Other Items of Interest

Section 331. Deductibility of charitable contributions to agricultural research organizations.
The provision provides that charitable contributions to an agricultural research organization are subject to the higher individual limits (generally up to 50 percent of the taxpayer's contribution base) if the organization commits to use the contribution for agricultural research before January 1 of the fifth calendar year that begins after the date of the contribution. In addition, agricultural research organizations are treated as public charitiesper se, without regard to their sources of financial support. The provision is effective for contributions made on or after the date of enactment.

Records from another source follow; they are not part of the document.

definition optimal_strategy :: "nat \<Rightarrow> real \<Rightarrow> real \<Rightarrow> (nat \<Rightarrow> real) \<Rightarrow> (nat \<Rightarrow> nat) \<Rightarrow> bool" where
  "optimal_strategy m t lam x r \<longleftrightarrow> valid_strategy m x r \<and>
     (\<forall>x' r'. valid_strategy m x' r' \<longrightarrow> comp_ratio m t lam x r \<le> comp_ratio m t lam x' r')"

definition cyclic_rays :: "nat \<Rightarrow> nat \<Rightarrow> nat" where
  "cyclic_rays m i = (i - 1) mod m + 1"

end

theory Submission
  imports Defs "HOL-Library.Infinite_Set"
begin

text \<open>
  Upper bounds: if a cyclic strategy with \<open>x 0 = lam\<close> satisfies
  \<open>(\<Sum>i\<in>{1..<n + m}. 2 * x i + t) = (R - 1) * x n\<close> for all \<open>n\<close>, its competitive ratio is
  exactly \<open>R\<close>: a target missed at step \<open>n\<close> is found at step \<open>n + m\<close>, and the worst target
  lies just beyond \<open>x n\<close>. For both strategies of the theorem this identity telescopes to the
  linear recurrence \<open>2 x (n + m) + t = (R - 1) (x (n + 1) - x n)\<close> plus its initial instance.

  Lower bound (Gal's argument): keep only the record steps of an arbitrary strategy, those
  that go farther on their ray than every earlier step on it. With record distances \<open>z\<close>,
  partial sums \<open>T j = \<Sum>l<j. z l\<close> and competitive ratio \<open>C\<close>, a target just beyond
  \<open>z k\<close> forces \<open>T k' \<le> a z k\<close>, where \<open>a = (C - 1) / 2\<close> and \<open>k'\<close> is the next record on
  the same ray. Summing these over a window of records gives a positive increasing
  \<open>u\<close> with \<open>u (n + m) \<le> a (u (n + 1) - u n)\<close>; the infimum \<open>\<mu>\<close> of its growth ratios then
  satisfies \<open>\<mu>^m \<le> a (\<mu> - 1)\<close>, and minimising \<open>\<mu>^m / (\<mu> - 1)\<close> gives
  \<open>a \<ge> m (m / (m - 1))^(m - 1)\<close>.
\<close>

lemma cyclic_rays_add_mult:
  assumes "1 \<le> \<rho>" "\<rho> \<le> m"
  shows "cyclic_rays m (\<rho> + m * k) = \<rho>"
proof -
  have "\<rho> + m * k - 1 = (\<rho> - 1) + m * k" using assms by simp
  then have "(\<rho> + m * k - 1) mod m = (\<rho> - 1) mod m" by simp
  then show ?thesis using assms unfolding cyclic_rays_def by simp
qed

lemma cyclic_rays_diff:
  assumes "m < j"
  shows "cyclic_rays m (j - m) = cyclic_rays m j"
proof -
  have "j - 1 = (j - m - 1) + m" using assms by simp
  then show ?thesis unfolding cyclic_rays_def by (metis mod_add_self2)
qed

lemma cyclic_rays_in_rays: "m \<ge> 1 \<Longrightarrow> cyclic_rays m j \<in> {1..m}"
  unfolding cyclic_rays_def by (simp add: Suc_leI)

lemma sum_telescope_cyclic:
  fixes f g :: "nat \<Rightarrow> 'a::ab_group_add"
  assumes "m \<ge> 1" and "(\<Sum>i\<in>{1..<m}. f i) = g 0" and "\<And>n. f (n + m) = g (Suc n) - g n"
  shows "(\<Sum>i\<in>{1..<n + m}. f i) = g n"
proof (induction n)
  case (Suc n)
  have "{1..<Suc n + m} = insert (n + m) {1..<n + m}" using assms(1) by auto
  then show ?case using Suc assms(3)[of n] by simp
qed (use assms(2) in simp)

lemma sum_arith_geom:
  fixes q \<alpha> \<beta> u v :: real
  assumes "u * (q - 1) = \<alpha>" and "v * (q - 1) + u = \<beta>"
  shows "(\<Sum>i=1..N. (\<alpha> * real i + \<beta>) * q ^ i) = (u * real N + v) * q ^ Suc N - v * q"
proof (induction N)
  case (Suc N)
  then show ?case unfolding assms(1)[symmetric] assms(2)[symmetric]
    by (simp add: algebra_simps)
qed simp
section \<open>The stationary law is geometric\<close>

lemma negative_binomial_series:
  fixes q :: real
  assumes "0 \<le> q" "q < 1"
  shows "(\<lambda>w. real ((n + w) choose n) * q ^ w) sums (1 / (1 - q) ^ Suc n)"
proof -
  have "(\<lambda>w. ((-(real n + 1)) gchoose w) * (-q) ^ w) sums (1 + -q) powr (-(real n + 1))"
    by (rule gen_binomial_real) (use assms in auto)
  moreover have "((-(real n + 1)) gchoose w) * (-q) ^ w = real ((n + w) choose n) * q ^ w" for w
  proof -
    have "((-(real n + 1)) gchoose w) = (-1) ^ w * ((real n + 1 + real w - 1) gchoose w)"
      by (rule gbinomial_minus)
    also have "real n + 1 + real w - 1 = real (n + w)" by simp
    also have "(real (n + w) gchoose w) = real ((n + w) choose w)" by (simp add: binomial_gbinomial)
    also have "(n + w) choose w = (n + w) choose n" using binomial_symmetric[of w "n + w"] by simp
    finally have "((-(real n + 1)) gchoose w) = (-1) ^ w * real ((n + w) choose n)" .
    moreover have "(-q) ^ w = (-1) ^ w * q ^ w" by (rule power_minus)
    moreover have "(-1::real) ^ w * (-1) ^ w = 1" by (induction w) auto
    ultimately show ?thesis by (metis (no_types, lifting) mult.assoc mult.left_commute mult_1)
  qed
  moreover have "(1 + -q) powr (-(real n + 1)) = 1 / (1 - q) ^ Suc n"
  proof -
    have "(1 + -q) powr (-(real n + 1)) = (1 - q) powr (- real (Suc n))" by (simp add: add.commute)
    also have "\<dots> = inverse ((1 - q) powr (real (Suc n)))" by (rule powr_minus)
    also have "(1 - q) powr (real (Suc n)) = (1 - q) ^ Suc n"
      using assms by (intro powr_realpow) auto
    finally show ?thesis by (simp add: divide_inverse)
  qed
  ultimately show ?thesis by simp
qed
(* Let $n\ge 3$ and $2\le i\le n-1$, and let $\beta\in B_n(D)$ be such that $\pi(\beta)$ is a cycle of length $i+1$. Then the subgroup $H_\beta=\langle P_n(D),\beta\rangle$ of $B_n(D)$ is not bi-orderable.
   Context: $B_n(D)$ is the Artin braid group on $n$ strands, with generators $\sigma_1,\dots,\sigma_{n-1}$ and relations $\sigma_i\sigma_j=\sigma_j\sigma_i$ for $|i-j|\ge 2$ and $\sigma_i\sigma_{i+1}\sigma_i=\sigma_{i+1}\sigma_i\sigma_{i+1}$. The permutation homomorphism $\pi: B_n(D)\to S_n$ is given by $\pi(\sigma_i)=(i,i+1)$, and $P_n(D)=\ker\pi$. $H_\beta=\langle P_n(D),\beta\rangle$ is the subgroup generated by $P_n(D)$ and $\beta$. A group is bi-orderable if it admits a strict total ordering invariant under both left and right multiplication. *)

theory Defs
  imports "HOL-Algebra.Algebra" "HOL-Combinatorics.Cycles" "HOL-Combinatorics.Transposition"
begin

text \<open>Braid group B_n(D) via its standard (Artin) presentation. A word is a list of
letters (i, True) = sigma_i and (i, False) = sigma_i inverse, with 1 \<le> i \<le> n-1.\<close>

type_synonym bword = "(nat \<times> bool) list"

definition bwords :: "nat \<Rightarrow> bword set" where
  "bwords n = {w. \<forall>(i, b) \<in> set w. 1 \<le> i \<and> i < n}"
text \<open>Testing Phi, Phi^2 and Phi^3 suffices because the rank is 1, 2, 3 or 6 (rk_cases).\<close>
definition rk_list :: "int list \<Rightarrow> nat" where
  "rk_list xs = (let p = Phi_list xs; p2 = Phi_list p in
     if p = xs then 1 else if p2 = xs then 2 else if Phi_list p2 = xs then 3 else 6)"

definition class_list :: "int list \<Rightarrow> nat \<times> int \<times> int" where
  "class_list xs = (rk_list xs, ringel (of_list xs) hinf mod 6, ringel h0 (of_list xs) mod 6)"

lemma Phi_list_to_list: "Phi_list (to_list d) = to_list (Phi d)"
  by (simp add: Phi_list_def Phi_eq_coxeter)

lemma rk_list_to_list: "rk_list (to_list d) = rk d"
proof -
  have "Phi d = d \<longleftrightarrow> rk d dvd 1" "Phi (Phi d) = d \<longleftrightarrow> rk d dvd 2"
    "Phi (Phi (Phi d)) = d \<longleftrightarrow> rk d dvd 3"
    using funpow_Phi_eq_self_iff[of 1 d] funpow_Phi_eq_self_iff[of 2 d] funpow_Phi_eq_self_iff[of 3 d]
    by (simp_all add: numeral_eq_Suc)
  then show ?thesis
    using rk_cases[of d] by (auto simp: rk_list_def Let_def Phi_list_to_list to_list_inject)
qed

lemma class_list_to_list:
  "class_list (to_list d) = (rk d, ringel d hinf mod 6, ringel h0 d mod 6)"
  by (simp add: class_list_def rk_list_to_list)

text \<open>Each root is paired with its class first, so that evaluation computes every class once.\<close>
definition class_members :: "nat \<times> int \<times> int \<Rightarrow> int list list" where
  "class_members c = [xs. (c', xs) \<leftarrow> map (\<lambda>xs. (class_list xs, xs)) reduced_real_roots, c' = c]"

lemma set_class_members: "set (class_members c) = {xs \<in> set reduced_real_roots. class_list xs = c}"
  by (auto simp: class_members_def)

lemma reduced_real_roots_shape:
  "xs \<in> set reduced_real_roots \<Longrightarrow> length xs = 10 \<and> of_list xs v1_1 = 0 \<and> of_list xs v2_2 = 0"
  by (auto simp: reduced_real_roots_def e8_decode_def of_list_def Let_def)

lemma reduced_real_roots_real: "\<forall>xs \<in> set reduced_real_roots. qform (of_list xs) = 1"
  unfolding qform_def ringel_explicit by code_simp

lemma class_member_counts:
  "\<forall>i \<in> {2, 3, 6}. \<forall>s \<in> set [0..5]. \<forall>t \<in> set [0..5].
     int (6 div i) dvd s \<and> int (6 div i) dvd t
       \<longrightarrow> card (set (class_members (i, s, t))) = (if s = 0 \<and> t = 0 then 0 else i)"
  unfolding class_members_def class_list_def ringel_hinf ringel_h0 by code_simp

lemma card_class_members:
  assumes "i \<in> {2, 3, 6}" "s \<in> {0..5}" "t \<in> {0..5}" "int (6 div i) dvd s" "int (6 div i) dvd t"
  shows "card (set (class_members (i, s, t))) = (if s = 0 \<and> t = 0 then 0 else i)"
  using class_member_counts assms unfolding set_upto by blast

lemma bij_betw_class_members:
  "bij_betw of_list (set (class_members (i, s, t)))
     {r. r v1_1 = 0 \<and> r v2_2 = 0 \<and> (qform r = 1 \<and> rk r = i)
       \<and> ringel r hinf mod 6 = s \<and> ringel h0 r mod 6 = t}"
proof (rule bij_betw_imageI)
  show "inj_on of_list (set (class_members (i, s, t)))"
    by (rule inj_on_inverseI[of _ to_list]) (simp add: set_class_members reduced_real_roots_shape to_list_of_list)
next
  have "r \<in> of_list ` set (class_members (i, s, t)) \<longleftrightarrow>
      r v1_1 = 0 \<and> r v2_2 = 0 \<and> (qform r = 1 \<and> rk r = i) \<and> ringel r hinf mod 6 = s \<and> ringel h0 r mod 6 = t"
    for r
  proof
    assume "r \<in> of_list ` set (class_members (i, s, t))"
    then obtain xs where xs: "xs \<in> set reduced_real_roots" "class_list xs = (i, s, t)" and r: "r = of_list xs"
      by (auto simp: set_class_members)
    then have "to_list r = xs"
      by (simp add: reduced_real_roots_shape to_list_of_list)
    then show "r v1_1 = 0 \<and> r v2_2 = 0 \<and> (qform r = 1 \<and> rk r = i) \<and> ringel r hinf mod 6 = s \<and> ringel h0 r mod 6 = t"
      using xs r reduced_real_roots_shape reduced_real_roots_real class_list_to_list[of r] by auto
  next
    assume "r v1_1 = 0 \<and> r v2_2 = 0 \<and> (qform r = 1 \<and> rk r = i) \<and> ringel r hinf mod 6 = s \<and> ringel h0 r mod 6 = t"
    then have "to_list r \<in> set (class_members (i, s, t))"
      by (simp add: set_class_members to_list_mem_reduced_real_roots class_list_to_list)
    then show "r \<in> of_list ` set (class_members (i, s, t))"
      by (metis image_eqI of_list_to_list)
  qed
  then show "of_list ` set (class_members (i, s, t)) =
      {r. r v1_1 = 0 \<and> r v2_2 = 0 \<and> (qform r = 1 \<and> rk r = i) \<and> ringel r hinf mod 6 = s \<and> ringel h0 r mod 6 = t}"
    by blast
qed

section \<open>The sets R^lam_l(i)\<close>

text \<open>(x, y) stands for (<d, h_inf>, <h_0, d>); by six_times_ql the condition ql d = l
  becomes i gcd(x, y) = 6 l.\<close>
definition admissible :: "rat option \<Rightarrow> int \<Rightarrow> nat \<Rightarrow> int \<Rightarrow> int \<Rightarrow> bool" where
  "admissible lam l i x y \<longleftrightarrow> (x > 0 \<or> (x = 0 \<and> y > 0))
     \<and> (if x = 0 then None else Some (of_int y / of_int x)) = lam \<and> int i * gcd x y = 6 * l"
lemma unitary_row_support_incoherent_unitary:
  assumes V: "unitary_mat d V"
    and row_support: "\<And>i a b. i < d \<Longrightarrow> a < d \<Longrightarrow> b < d \<Longrightarrow> a \<noteq> b \<Longrightarrow> V $$ (i,a) = 0 \<or> V $$ (i,b) = 0"
  shows "incoherent_unitary d V"
proof -
  have column_support: "\<exists>!r. r < d \<and> V $$ (r,c) \<noteq> 0" if "c < d" for c
    using V row_support that by (rule unitary_row_support_column_support)
  define \<pi> where "\<pi> c = (if c < d then THE r. r < d \<and> V $$ (r,c) \<noteq> 0 else c)" for c
  have \<pi>: "\<pi> c < d \<and> V $$ (\<pi> c, c) \<noteq> 0" if "c < d" for c
    using theI'[OF column_support[OF that]] that by (simp add: \<pi>_def)
  have off_support: "V $$ (r,c) = 0" if "r < d" "c < d" "r \<noteq> \<pi> c" for r c
    using column_support[of c] \<pi>[of c] that by blast
  have "cmod (V $$ (\<pi> c, c)) = 1" if c: "c < d" for c
  proof -
    have "(\<Sum>k<d. (cmod (V $$ (k,c)))\<^sup>2) = (\<Sum>k<d. if k = \<pi> c then (cmod (V $$ (\<pi> c, c)))\<^sup>2 else 0)"
      using off_support c by (intro sum.cong) auto
    then have "(cmod (V $$ (\<pi> c, c)))\<^sup>2 = 1"
      using unitary_column_norm[OF V c] \<pi>[OF c] by simp
    then show ?thesis
      using norm_ge_zero[of "V $$ (\<pi> c, c)"] by (simp add: power2_eq_1_iff)
  qed
  moreover have "\<pi> permutes {..<d}"
  proof (rule bij_imp_permutes)
    have "inj_on \<pi> {..<d}"
      using \<pi> row_support by (intro inj_onI) (metis lessThan_iff)
    moreover have "\<pi> ` {..<d} \<subseteq> {..<d}"
      using \<pi> by auto
    ultimately show "bij_betw \<pi> {..<d} {..<d}"
      using endo_inj_surj[of "{..<d}"] by (simp add: bij_betw_def)
  qed (simp add: \<pi>_def)
  moreover have "V \<in> carrier_mat d d"
    using V by (simp add: unitary_mat_def)
  ultimately show ?thesis
    using off_support by (intro phased_permutation_incoherent_unitary) auto
qed

lemma coherent_unitary_not_conj_respects_same_diag:
  assumes "coherent_unitary d V"
  shows "\<not> conj_respects_same_diag d V"
proof
  assume respects: "conj_respects_same_diag d V"
  have V: "unitary_mat d V"
    using assms by (simp add: coherent_unitary_def)
  moreover have "V \<in> carrier_mat d d"
    using V by (simp add: unitary_mat_def)
  ultimately have "incoherent_unitary d V"
    using conj_respects_same_diag_row_support[OF _ respects] unitary_row_support_incoherent_unitary by blast
  with assms show False
    by (simp add: coherent_unitary_def)
qed

theorem theorem1:
  fixes d :: nat and V :: "complex mat"
  assumes "coherent_unitary d V"
  shows
    "(\<forall>m U \<tau>. 0 < m \<longrightarrow> density m \<tau> \<longrightarrow> incoherent_unitary (d*m) U \<longrightarrow>
        \<not> (\<forall>\<rho>. density d \<rho> \<longrightarrow> inc_channel d m U \<tau> \<rho> = V * \<rho> * cadj V))
   \<and>
    (\<forall>(K :: nat set) m U \<tau> x \<alpha> (p :: real).
        finite K \<longrightarrow> p > 0 \<longrightarrow>
        (\<forall>k\<in>K. 0 < m k \<and> density (m k) (\<tau> k) \<and> incoherent_unitary (d * m k) (U k)
                \<and> x k < m k \<and> \<alpha> k \<ge> 0) \<longrightarrow>
        \<not> (\<forall>\<rho>. density d \<rho> \<longrightarrow>
              (\<forall>i<d. \<forall>j<d.
                 (\<Sum>k\<in>K. inc_subchannel d (m k) (U k) (\<tau> k) (x k) (\<alpha> k) \<rho> $$ (i,j))
                   = complex_of_real p * (V * \<rho> * cadj V) $$ (i,j))))"
proof -
  note not_respects = coherent_unitary_not_conj_respects_same_diag[OF assms]
  show ?thesis
  proof (intro conjI allI impI notI)
    fix m U \<tau>
    assume "incoherent_unitary (d*m) U"
      and "\<forall>\<rho>. density d \<rho> \<longrightarrow> inc_channel d m U \<tau> \<rho> = V * \<rho> * cadj V"
    with not_respects show False
      using conj_respects_same_diag_if_inc_channel by blast
  next
    fix K :: "nat set" and m U \<tau> x \<alpha> and p :: real
    assume "p > 0"
      and "\<forall>k\<in>K. 0 < m k \<and> density (m k) (\<tau> k) \<and> incoherent_unitary (d * m k) (U k)
                \<and> x k < m k \<and> \<alpha> k \<ge> 0"
      and "\<forall>\<rho>. density d \<rho> \<longrightarrow>
              (\<forall>i<d. \<forall>j<d.
                 (\<Sum>k\<in>K. inc_subchannel d (m k) (U k) (\<tau> k) (x k) (\<alpha> k) \<rho> $$ (i,j))
                   = complex_of_real p * (V * \<rho> * cadj V) $$ (i,j))"
    then have "conj_respects_same_diag d V"
      by (intro conj_respects_same_diag_if_sum_inc_subchannel[of K d m U p]) auto
    with not_respects show False ..
  qed
qed

end
(* Let $\underline{l}=\min_k l_k$ and let $\mathcal{Y}_c=\{y\in\mathbb{Z}: \lfloor-\beta/\underline{l}\rfloor\le y\le\lceil\beta/\underline{l}\rceil+\alpha\}$. Let $\mathcal{Y}$ be an output alphabet with $\mathcal{Y}_c\subseteq\mathcal{Y}\subseteq\mathbb{Z}$, let $\Delta\ge 0$, and let $P_{\mathbf{Y}|\mathbf{X}}\in\Gamma_{\mathcal{Y}}(\Delta)$. Then there exists a function $F:\mathcal{Y}^n\to\mathcal{Y}_c^n$ such that the policy $F\circ P_{\mathbf{Y}|\mathbf{X}}$ (i.e. $\mathbf{x}\mapsto$ the law of $F(\mathbf{Y})$ for $\mathbf{Y}\sim P_{\mathbf{Y}|\mathbf{X}=\mathbf{x}}$) belongs to $\Gamma_{\mathcal{Y}_c}(\Delta)$.
   Context: Fix integers $\alpha\ge 1$, $\beta\ge 0$, $n\ge 1$, and an initial state $s_0\in\mathcal{S}=\{0,\dots,\beta\}$. Let $\mathcal{X}=\{0,\dots,\alpha\}$. For $\mathbf{x}\in\mathcal{X}^n$, $\mathbf{y}\in\mathbb{Z}^n$ the battery states are $s_i=s_0+\sum_{k=0}^{i-1}y_k-\sum_{k=0}^{i-1}x_k$, $i=0,\dots,n$, and for an output alphabet $\mathcal{Y}\subseteq\mathbb{Z}$ with $\mathcal{X}\subseteq\mathcal{Y}$, $\mathcal{Y}^n(s_0,\mathbf{x})=\{\mathbf{y}\in\mathcal{Y}^n: s_i\in\{0,\dots,\beta\}\ \forall i=0,\dots,n\}$. A battery policy with output alphabet $\mathcal{Y}$ is a conditional distribution $P_{\mathbf{Y}|\mathbf{X}}$ from $\mathcal{X}^n$ to $\mathcal{Y}^n$; it is feasible if $\mathrm{supp}(P_{\mathbf{Y}|\mathbf{X}=\mathbf{x}})\subseteq\mathcal{Y}^n(s_0,\mathbf{x})$ for all $\mathbf{x}$; the set of feasible policies is $\Omega_{\mathcal{Y}}(s_0)$. Market price: a positive integer $K$, block lengths $l_0,\dots,l_{K-1}\ge 1$ with $\sum_k l_k=n$, prices $m_0,\dots,m_{K-1}\in\mathbb{R}$, and $\mathbf{m}\in\mathbb{R}^n$ the vector equal to $m_k$ on the $l_k$ consecutive time steps of block $k$ (blocks in order). The cost of a policy at $\mathbf{x}$ is $g(P_{\mathbf{Y}|\mathbf{X}},\mathbf{x})=\mathbb{E}_{P_{\mathbf{Y}|\mathbf{X}=\mathbf{x}}}[\mathbf{m}^T\mathbf{Y}]-\min_{\mathbf{y}\in\mathcal{Y}^n(s_0,\mathbf{x})}\mathbf{m}^T\mathbf{y}$. For $\Delta\ge0$, $\Gamma_{\mathcal{Y}}(\Delta)=\{P_{\mathbf{Y}|\mathbf{X}}\in\Omega_{\mathcal{Y}}(s_0): g(P_{\mathbf{Y}|\mathbf{X}},\mathbf{x})\le\Delta\ \forall\mathbf{x}\in\mathcal{X}^n\}$ is the set of feasible $\Delta$-affordable policies. *)

theory Defs
  imports "HOL-Probability.Probability"
begin

text \<open>Sequences of length n are int lists; x ! k is x_k (0-based).\<close>

definition Xn :: "int \<Rightarrow> nat \<Rightarrow> int list set" where
  "Xn \<alpha> n = {x. length x = n \<and> set x \<subseteq> {0..\<alpha>}}"

definition outseqs :: "int set \<Rightarrow> nat \<Rightarrow> int list set" where
  "outseqs Y n = {y. length y = n \<and> set y \<subseteq> Y}"

definition bstate :: "int \<Rightarrow> int list \<Rightarrow> int list \<Rightarrow> nat \<Rightarrow> int" where
  "bstate s0 x y i = s0 + (\<Sum>k<i. y ! k) - (\<Sum>k<i. x ! k)"

definition feasible_outputs :: "int set \<Rightarrow> int \<Rightarrow> int \<Rightarrow> int list \<Rightarrow> int list set" where
  "feasible_outputs Y \<beta> s0 x =
     {y \<in> outseqs Y (length x). \<forall>i \<le> length x. 0 \<le> bstate s0 x y i \<and> bstate s0 x y i \<le> \<beta>}"

definition mvec :: "nat list \<Rightarrow> real list \<Rightarrow> real list" where
  "mvec ls ms = concat (map (\<lambda>(l, p). replicate l p) (zip ls ms))"

definition dotp :: "real list \<Rightarrow> int list \<Rightarrow> real" where
  "dotp m y = (\<Sum>i<length y. m ! i * real_of_int (y ! i))"

definition cost :: "real list \<Rightarrow> int set \<Rightarrow> int \<Rightarrow> int \<Rightarrow> (int list \<Rightarrow> int list pmf) \<Rightarrow> int list \<Rightarrow> real" where
  "cost m Y \<beta> s0 P x =
     measure_pmf.expectation (P x) (\<lambda>y. dotp m y) - Min ((\<lambda>y. dotp m y) ` feasible_outputs Y \<beta> s0 x)"

definition feasible_policy :: "int \<Rightarrow> int \<Rightarrow> nat \<Rightarrow> int \<Rightarrow> int set \<Rightarrow> (int list \<Rightarrow> int list pmf) \<Rightarrow> bool" where
  "feasible_policy \<alpha> \<beta> n s0 Y P \<longleftrightarrow> (\<forall>x \<in> Xn \<alpha> n. set_pmf (P x) \<subseteq> feasible_outputs Y \<beta> s0 x)"

definition affordable :: "int \<Rightarrow> int \<Rightarrow> nat \<Rightarrow> int \<Rightarrow> real list \<Rightarrow> int set \<Rightarrow> real \<Rightarrow> (int list \<Rightarrow> int list pmf) set" where
  "affordable \<alpha> \<beta> n s0 m Y \<Delta> =
     {P. feasible_policy \<alpha> \<beta> n s0 Y P \<and> (\<forall>x \<in> Xn \<alpha> n. cost m Y \<beta> s0 P x \<le> \<Delta>)}"

definition Yc :: "int \<Rightarrow> int \<Rightarrow> nat list \<Rightarrow> int set" where
  "Yc \<alpha> \<beta> ls = {y. \<lfloor>- real_of_int \<beta> / real (Min (set ls))\<rfloor> \<le> y \<and>
                      y \<le> \<lceil>real_of_int \<beta> / real (Min (set ls))\<rceil> + \<alpha>}"

end

theory Submission
  imports Defs
begin

text \<open>Work with cumulative outputs \<open>Y\<^sub>i = y\<^sub>0 + \<dots> + y\<^sub>i\<^sub>-\<^sub>1\<close>. Feasibility says that
  \<open>Y\<close> stays in the band \<open>[X\<^sub>i - s\<^sub>0, X\<^sub>i - s\<^sub>0 + \<beta>]\<close> around the cumulative input, and since
  prices are constant on blocks the cost of \<open>y\<close> only depends on \<open>Y\<close> at the block boundaries.
  Replace \<open>Y\<close> inside each block of length \<open>l\<close> by its rounded-down linear interpolation: its
  increments lie between \<open>\<lfloor>T/l\<rfloor>\<close> and \<open>\<lceil>T/l\<rceil>\<close>, where the block increment \<open>T\<close> is in
  \<open>[-\<beta>, \<beta> + \<alpha> l]\<close> by feasibility, so they lie in \<open>Yc\<close>. To stay in the band, clamp the
  interpolation between the largest minorant and the smallest majorant of \<open>Y\<close> with increments
  in \<open>[0, \<alpha>]\<close>. Both lie in the band because \<open>X\<close> has increments in \<open>[0, \<alpha>]\<close>; they enclose
  \<open>Y\<close>, so clamping does not move the block-boundary values; and clamping keeps increments in
  \<open>Yc \<supseteq> [0, \<alpha>]\<close>.
  The resulting map on outputs preserves feasibility and cost, so pushing the policy forward along
  it keeps it \<open>\<Delta>\<close>-affordable.\<close>

section \<open>Prefix sums and increments\<close>

definition psum :: "int list \<Rightarrow> nat \<Rightarrow> int" where
  "psum y k = (\<Sum>i<k. y ! i)"

definition increments :: "(nat \<Rightarrow> int) \<Rightarrow> nat \<Rightarrow> int list" where
  "increments A n = map (\<lambda>i. A (Suc i) - A i) [0..<n]"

Section 174. Moratorium on medical device excise tax.
The provision provides for a two-year moratorium on the 2.3-percent excise tax imposed on the sale of medical devices. The tax will not apply to sales during calendar years 2016 and 2017.

Section 121. Extension and modification of research credit.
The provision permanently extends the research and development (R&D) tax credit. Additionally, beginning in 2016 eligible small businesses ($50 million or less in gross receipts) may claim the credit against 3 alternative minimum tax (AMT) liability, and the credit can be utilized by certain small businesses against the employer's payroll tax (i.e., FICA) liability.